Problem details: From the data that follows, report how many lines hold the string "imports", giving only the number.

╭─ Task data

(* Normalize $\operatorname{var}(X)=1$ and $\operatorname{var}(W_1)=I_{d_1}$, and suppose $\operatorname{var}(Y,X,W_1)$ is positive definite. Then $b\in\mathcal B(r_X,r_Y,c)$ if and only if there exists $(p_1,g_1)\in\mathbb R^{d_1}\times\mathbb R^{d_1}$ with $(p_1'r_X)(g_1'r_Y)(1-\|c\|^2)=k_1-bk_0$; $(I+cr_Y')g_1=\sigma_{W_1,Y}-b\sigma_{W_1,X}$; $(I+cr_X')p_1=\sigma_{W_1,X}$; $(g_1'r_Y)^2(1-\|c\|^2)<k_0(\beta_{\text{med}}-b)^2+\operatorname{var}(Y^{\perp X,W_1})$; $(p_1'r_X)^2(1-\|c\|^2)<k_0$; $\|c\|^2<1$.
   Context: For random vectors $A,B$ with $\operatorname{var}(B)$ invertible, $A^{\perp B}=A-\operatorname{cov}(A,B)\operatorname{var}(B)^{-1}B$. $\sigma_{A,B}=\operatorname{cov}(A,B)$ (column vectors when $A=W_1$). $\beta_{\text{med}}$ is the coefficient on $X$ in the linear projection of $Y$ on $(1,X,W_1)$. $k_0=\operatorname{var}(X^{\perp W_1})$, $k_1=\operatorname{cov}(Y^{\perp W_1},X^{\perp W_1})$. For $r_X,r_Y,c\in\mathbb R^{d_1}$, $\mathcal B(r_X,r_Y,c)$ is the set of $b\in\mathbb R$ such that for some $(p_1,g_1)\in\mathbb R^{d_1}\times\mathbb R^{d_1}$ (with $\Sigma_{\text{obs}}=\operatorname{var}(W_1)$): $\operatorname{cov}(Y,X)=b\operatorname{var}(X)+g_1'(\Sigma_{\text{obs}}+cr_X'+r_Yc'+r_Yr_X')p_1$; $\operatorname{cov}(Y,W_1)=b\operatorname{cov}(X,W_1)+g_1'(\Sigma_{\text{obs}}+r_Yc')$; $\operatorname{cov}(X,W_1)=p_1'(\Sigma_{\text{obs}}+r_Xc')$; $\operatorname{var}(Y)>b^2\operatorname{var}(X)+g_1'(\Sigma_{\text{obs}}+r_Yr_Y'+2r_Yc')g_1+2bg_1'(\Sigma_{\text{obs}}+cr_X'+r_Yc'+r_Yr_X')p_1$; $\operatorname{var}(X)>p_1'(\Sigma_{\text{obs}}+2r_Xc'+r_Xr_X')p_1$; $1>c'\Sigma_{\text{obs}}^{-1}c$. *)

theory Defs
  imports "HOL-Analysis.Analysis"
begin

text \<open>The joint second-moment structure of (Y, X, W1) is represented by its covariance
entries: vY = var Y, vX = var X, sYX = cov(Y,X), sWX = cov(W1,X), sWY = cov(W1,Y),
Sig = var W1 (a d1 x d1 matrix, with d1 = CARD('d)).\<close>

definition outer :: "real^'d \<Rightarrow> real^'d \<Rightarrow> real^'d^'d" where
  "outer u v = (\<chi> i j. u $ i * v $ j)"

definition joint_pd :: "real \<Rightarrow> real \<Rightarrow> real \<Rightarrow> real^'d \<Rightarrow> real^'d \<Rightarrow> real^'d^'d \<Rightarrow> bool" where
  "joint_pd vY vX sYX sWX sWY Sig \<longleftrightarrow>
     (\<forall>a e (v::real^'d). (a \<noteq> 0 \<or> e \<noteq> 0 \<or> v \<noteq> 0) \<longrightarrow>
        a^2 * vY + e^2 * vX + v \<bullet> (Sig *v v) + 2 * a * e * sYX
        + 2 * a * (v \<bullet> sWY) + 2 * e * (v \<bullet> sWX) > 0)"

text \<open>Coefficients (b, gamma) of the linear projection of Y on (1, X, W1),
characterised by the normal equations cov(Y - bX - gamma'W1, X) = 0 and
cov(Y - bX - gamma'W1, W1) = 0.\<close>
definition proj_coef :: "real \<Rightarrow> real \<Rightarrow> real^'d \<Rightarrow> real^'d \<Rightarrow> real^'d^'d \<Rightarrow> real \<times> (real^'d)" where
  "proj_coef vX sYX sWX sWY Sig =
     (THE (b, g). sYX = b * vX + g \<bullet> sWX \<and> sWY = b *\<^sub>R sWX + Sig *v g)"

definition beta_med :: "real \<Rightarrow> real \<Rightarrow> real^'d \<Rightarrow> real^'d \<Rightarrow> real^'d^'d \<Rightarrow> real" where
  "beta_med vX sYX sWX sWY Sig = fst (proj_coef vX sYX sWX sWY Sig)"

text \<open>var(Y^{perp X,W1}) = var(Y - b X - gamma'W1) at the projection coefficients.\<close>
definition var_Y_perp_XW :: "real \<Rightarrow> real \<Rightarrow> real \<Rightarrow> real^'d \<Rightarrow> real^'d \<Rightarrow> real^'d^'d \<Rightarrow> real" where
  "var_Y_perp_XW vY vX sYX sWX sWY Sig =
     (let (b, g) = proj_coef vX sYX sWX sWY Sig in
        vY + b^2 * vX + g \<bullet> (Sig *v g) - 2 * b * sYX - 2 * (g \<bullet> sWY) + 2 * b * (g \<bullet> sWX))"

text \<open>k0 = var(X^{perp W1}),  k1 = cov(Y^{perp W1}, X^{perp W1}).\<close>
definition k0 :: "real \<Rightarrow> real^'d \<Rightarrow> real^'d^'d \<Rightarrow> real" where
  "k0 vX sWX Sig = vX - sWX \<bullet> (matrix_inv Sig *v sWX)"

definition k1 :: "real \<Rightarrow> real^'d \<Rightarrow> real^'d \<Rightarrow> real^'d^'d \<Rightarrow> real" where
  "k1 sYX sWX sWY Sig = sYX - sWY \<bullet> (matrix_inv Sig *v sWX)"

definition Bset :: "real \<Rightarrow> real \<Rightarrow> real \<Rightarrow> real^'d \<Rightarrow> real^'d \<Rightarrow> real^'d^'d
     \<Rightarrow> real^'d \<Rightarrow> real^'d \<Rightarrow> real^'d \<Rightarrow> real set" where
  "Bset vY vX sYX sWX sWY Sig rX rY c =
     {b. \<exists>p1 g1.
        sYX = b * vX + g1 \<bullet> ((Sig + outer c rX + outer rY c + outer rY rX) *v p1) \<and>
        sWY = b *\<^sub>R sWX + (g1 v* (Sig + outer rY c)) \<and>
        sWX = p1 v* (Sig + outer rX c) \<and>
        vY > b^2 * vX + g1 \<bullet> ((Sig + outer rY rY + 2 *\<^sub>R outer rY c) *v g1)
             + 2 * b * (g1 \<bullet> ((Sig + outer c rX + outer rY c + outer rY rX) *v p1)) \<and>
        vX > p1 \<bullet> ((Sig + 2 *\<^sub>R outer rX c + outer rX rX) *v p1) \<and>
        1 > c \<bullet> (matrix_inv Sig *v c)}"

end

theory Submission imports Defs begin

text \<open>With \<open>var(W\<^sub>1) = I\<close> every matrix in the definition of \<open>\<B>(r\<^sub>X, r\<^sub>Y, c)\<close> is the identity
plus rank-one terms. Writing \<open>a = p\<^sub>1'r\<^sub>X\<close>, \<open>\<gamma> = g\<^sub>1'r\<^sub>Y\<close>, \<open>s = (I + c r\<^sub>X')p\<^sub>1\<close>,
\<open>u = (I + c r\<^sub>Y')g\<^sub>1\<close> and \<open>\<delta> = 1 - \<parallel>c\<parallel>\<^sup>2\<close>, the three quadratic forms in that definition are
\<open>u's + a\<gamma>\<delta>\<close>, \<open>u'u + \<gamma>\<^sup>2\<delta>\<close> and \<open>s's + a\<^sup>2\<delta>\<close>. The linear constraints identify \<open>s\<close> with
\<open>\<sigma>\<^sub>W\<^sub>X\<close> and \<open>u\<close> with \<open>\<sigma>\<^sub>W\<^sub>Y - b\<sigma>\<^sub>W\<^sub>X\<close>, and the remaining constraints become the stated ones
after the decomposition \<open>var(Y - bX - u'W\<^sub>1) = k\<^sub>0(\<beta>\<^sub>m\<^sub>e\<^sub>d - b)\<^sup>2 + var(Y\<^sup>\<bottom>\<^sup>X\<^sup>,\<^sup>W\<^sup>1)\<close>.\<close>

lemma matrix_inv_mat_1: "matrix_inv (mat 1 :: 'a::semiring_1^'n^'n) = mat 1"
proof -
  have "mat 1 ** matrix_inv (mat 1 :: 'a^'n^'n) = mat 1"
    unfolding matrix_inv_def by (rule someI[of _ "mat 1", THEN conjunct1]) simp
  then show ?thesis by simp
qed

lemma outer_mult_vector: "outer (u::real^'n) v *v x = (v \<bullet> x) *\<^sub>R u"
  unfolding outer_def matrix_vector_mult_def vec_eq_iff inner_vec_def
  by (auto simp: sum_distrib_right intro!: sum.cong)

lemma vector_mult_outer: "x v* outer u (v::real^'n) = (x \<bullet> u) *\<^sub>R v"
  unfolding outer_def vector_matrix_mult_def vec_eq_iff inner_vec_def
  by (auto simp: sum_distrib_right intro!: sum.cong)

lemma identity_plus_outer_mult_vector: "(mat 1 + outer c r) *v (x::real^'n) = x + (x \<bullet> r) *\<^sub>R c"
  by (simp add: matrix_vector_mult_add_rdistrib outer_mult_vector inner_commute)

lemma vector_mult_identity_plus_outer: "(x::real^'n) v* (mat 1 + outer r c) = x + (x \<bullet> r) *\<^sub>R c"
  by (simp add: vector_matrix_mult_add_rdistrib vector_mult_outer)

lemma rank_one_cross_form:
  fixes g p c rX rY :: "real^'n"
  shows "g \<bullet> ((mat 1 + outer c rX + outer rY c + outer rY rX) *v p)
     = (g + (g \<bullet> rY) *\<^sub>R c) \<bullet> (p + (p \<bullet> rX) *\<^sub>R c) + (p \<bullet> rX) * (g \<bullet> rY) * (1 - c \<bullet> c)"
  by (simp add: matrix_vector_mult_add_rdistrib outer_mult_vector inner_add_left
      inner_add_right inner_commute algebra_simps)

lemma rank_one_square_form:
  fixes p r c :: "real^'n"
  shows "p \<bullet> ((mat 1 + 2 *\<^sub>R outer r c + outer r r) *v p)
     = (p + (p \<bullet> r) *\<^sub>R c) \<bullet> (p + (p \<bullet> r) *\<^sub>R c) + (p \<bullet> r)\<^sup>2 * (1 - c \<bullet> c)"
  by (simp add: matrix_vector_mult_add_rdistrib outer_mult_vector scaleR_matrix_vector_assoc[symmetric]
      inner_add_left inner_add_right inner_commute algebra_simps power2_eq_square)

lemma joint_pd_imp_k0_pos:
  fixes sWX :: "real^'n"
  assumes "joint_pd vY 1 sYX sWX sWY (mat 1)"
  shows "0 < 1 - sWX \<bullet> sWX"
  using assms[unfolded joint_pd_def, rule_format, of 0 1 "- sWX"] by (simp add: inner_commute)

lemma proj_coef_standardized:
  fixes sYX :: real and sWX sWY :: "real^'n"
  assumes "0 < 1 - sWX \<bullet> sWX"
  defines "\<beta> \<equiv> (sYX - sWY \<bullet> sWX) / (1 - sWX \<bullet> sWX)"
  shows "proj_coef 1 sYX sWX sWY (mat 1) = (\<beta>, sWY - \<beta> *\<^sub>R sWX)"
  unfolding proj_coef_def
proof (rule the_equality)
  show "case (\<beta>, sWY - \<beta> *\<^sub>R sWX) of (b, g) \<Rightarrow> sYX = b * 1 + g \<bullet> sWX \<and> sWY = b *\<^sub>R sWX + mat 1 *v g"
    using assms by (simp add: \<beta>_def inner_diff_left field_simps)
next
  fix x assume "case x of (b, g) \<Rightarrow> sYX = b * 1 + g \<bullet> sWX \<and> sWY = b *\<^sub>R sWX + mat 1 *v g"
  then obtain b g where x: "x = (b, g)" and "sYX = b + g \<bullet> sWX" and g: "g = sWY - b *\<^sub>R sWX"
    by (cases x) auto
  then have "sYX = b + sWY \<bullet> sWX - b * (sWX \<bullet> sWX)" by (simp add: inner_diff_left)
  then have "b = \<beta>" using assms by (simp add: \<beta>_def field_simps)
  then show "x = (\<beta>, sWY - \<beta> *\<^sub>R sWX)" using x g by simp
qed

lemma residual_variance_decomposition:
  fixes sYX :: real and sWX sWY :: "real^'n"
  assumes "0 < 1 - sWX \<bullet> sWX"
  shows "k0 1 sWX (mat 1) * (beta_med 1 sYX sWX sWY (mat 1) - b)\<^sup>2 + var_Y_perp_XW vY 1 sYX sWX sWY (mat 1)
    = vY - (sWY - b *\<^sub>R sWX) \<bullet> (sWY - b *\<^sub>R sWX) - 2 * b * sYX + b\<^sup>2"
proof -
  define \<beta> where "\<beta> = (sYX - sWY \<bullet> sWX) / (1 - sWX \<bullet> sWX)"
  have coef: "proj_coef 1 sYX sWX sWY (mat 1) = (\<beta>, sWY - \<beta> *\<^sub>R sWX)"
    using proj_coef_standardized[OF assms] by (simp add: \<beta>_def)
  have sYX: "sYX = \<beta> * (1 - sWX \<bullet> sWX) + sWY \<bullet> sWX"
    using assms by (simp add: \<beta>_def)
  show ?thesis
    unfolding k0_def beta_med_def var_Y_perp_XW_def coef matrix_inv_mat_1 matrix_vector_mul_lid
    by (simp add: inner_diff_left inner_diff_right inner_commute[of sWX sWY] algebra_simps power2_eq_square)
      (simp add: sYX algebra_simps)
qed

text \<open>Here \<open>t\<close>, \<open>q\<close>, \<open>r\<close> stand for the rank-one remainders \<open>a\<gamma>\<delta>\<close>, \<open>\<gamma>\<^sup>2\<delta>\<close>, \<open>a\<^sup>2\<delta>\<close> of the
quadratic forms.\<close>

lemma identified_set_conditions_iff:
  fixes s u sWX sWY :: "'a::real_inner" and t q r :: real
  shows "(sYX = b + (u \<bullet> s + t) \<and> sWY = b *\<^sub>R sWX + u \<and> sWX = s \<and>
          b\<^sup>2 + (u \<bullet> u + q) + 2 * b * (u \<bullet> s + t) < vY \<and> s \<bullet> s + r < 1 \<and> C)
     \<longleftrightarrow> (t = sYX - sWY \<bullet> sWX - b * (1 - sWX \<bullet> sWX) \<and> u = sWY - b *\<^sub>R sWX \<and> s = sWX \<and>
          q < vY - (sWY - b *\<^sub>R sWX) \<bullet> (sWY - b *\<^sub>R sWX) - 2 * b * sYX + b\<^sup>2 \<and>
          r < 1 - sWX \<bullet> sWX \<and> C)"
  by (auto simp: inner_diff_left inner_add_left algebra_simps power2_eq_square)

theorem mainTheorem18:
  fixes vY sYX b :: real and sWX sWY rX rY c :: "real^'d"
  assumes pd: "joint_pd vY 1 sYX sWX sWY (mat 1)"
  shows "b \<in> Bset vY 1 sYX sWX sWY (mat 1) rX rY c \<longleftrightarrow>
    (\<exists>p1 g1 :: real^'d.
       (p1 \<bullet> rX) * (g1 \<bullet> rY) * (1 - (norm c)^2) = k1 sYX sWX sWY (mat 1) - b * k0 1 sWX (mat 1) \<and>
       (mat 1 + outer c rY) *v g1 = sWY - b *\<^sub>R sWX \<and>
       (mat 1 + outer c rX) *v p1 = sWX \<and>
       (g1 \<bullet> rY)^2 * (1 - (norm c)^2) <
          k0 1 sWX (mat 1) * (beta_med 1 sYX sWX sWY (mat 1) - b)^2
          + var_Y_perp_XW vY 1 sYX sWX sWY (mat 1) \<and>
       (p1 \<bullet> rX)^2 * (1 - (norm c)^2) < k0 1 sWX (mat 1) \<and>
       (norm c)^2 < 1)"
proof -
  have k0_pos: "0 < 1 - sWX \<bullet> sWX" using pd by (rule joint_pd_imp_k0_pos)
  have square_forms: "x \<bullet> ((mat 1 + outer r r + 2 *\<^sub>R outer r c) *v x)
      = (x + (x \<bullet> r) *\<^sub>R c) \<bullet> (x + (x \<bullet> r) *\<^sub>R c) + (x \<bullet> r)\<^sup>2 * (1 - c \<bullet> c)" for x r :: "real^'d"
    using rank_one_square_form[of x r c] by (simp add: add_ac)
  show ?thesis
    unfolding Bset_def mem_Collect_eq rank_one_cross_form rank_one_square_form square_forms
      identity_plus_outer_mult_vector vector_mult_identity_plus_outer
      residual_variance_decomposition[OF k0_pos]
    unfolding k0_def k1_def matrix_inv_mat_1 matrix_vector_mul_lid
      power2_norm_eq_inner mult_1_right
    by (intro iff_exI identified_set_conditions_iff)
qed

end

╰─

Task output: 2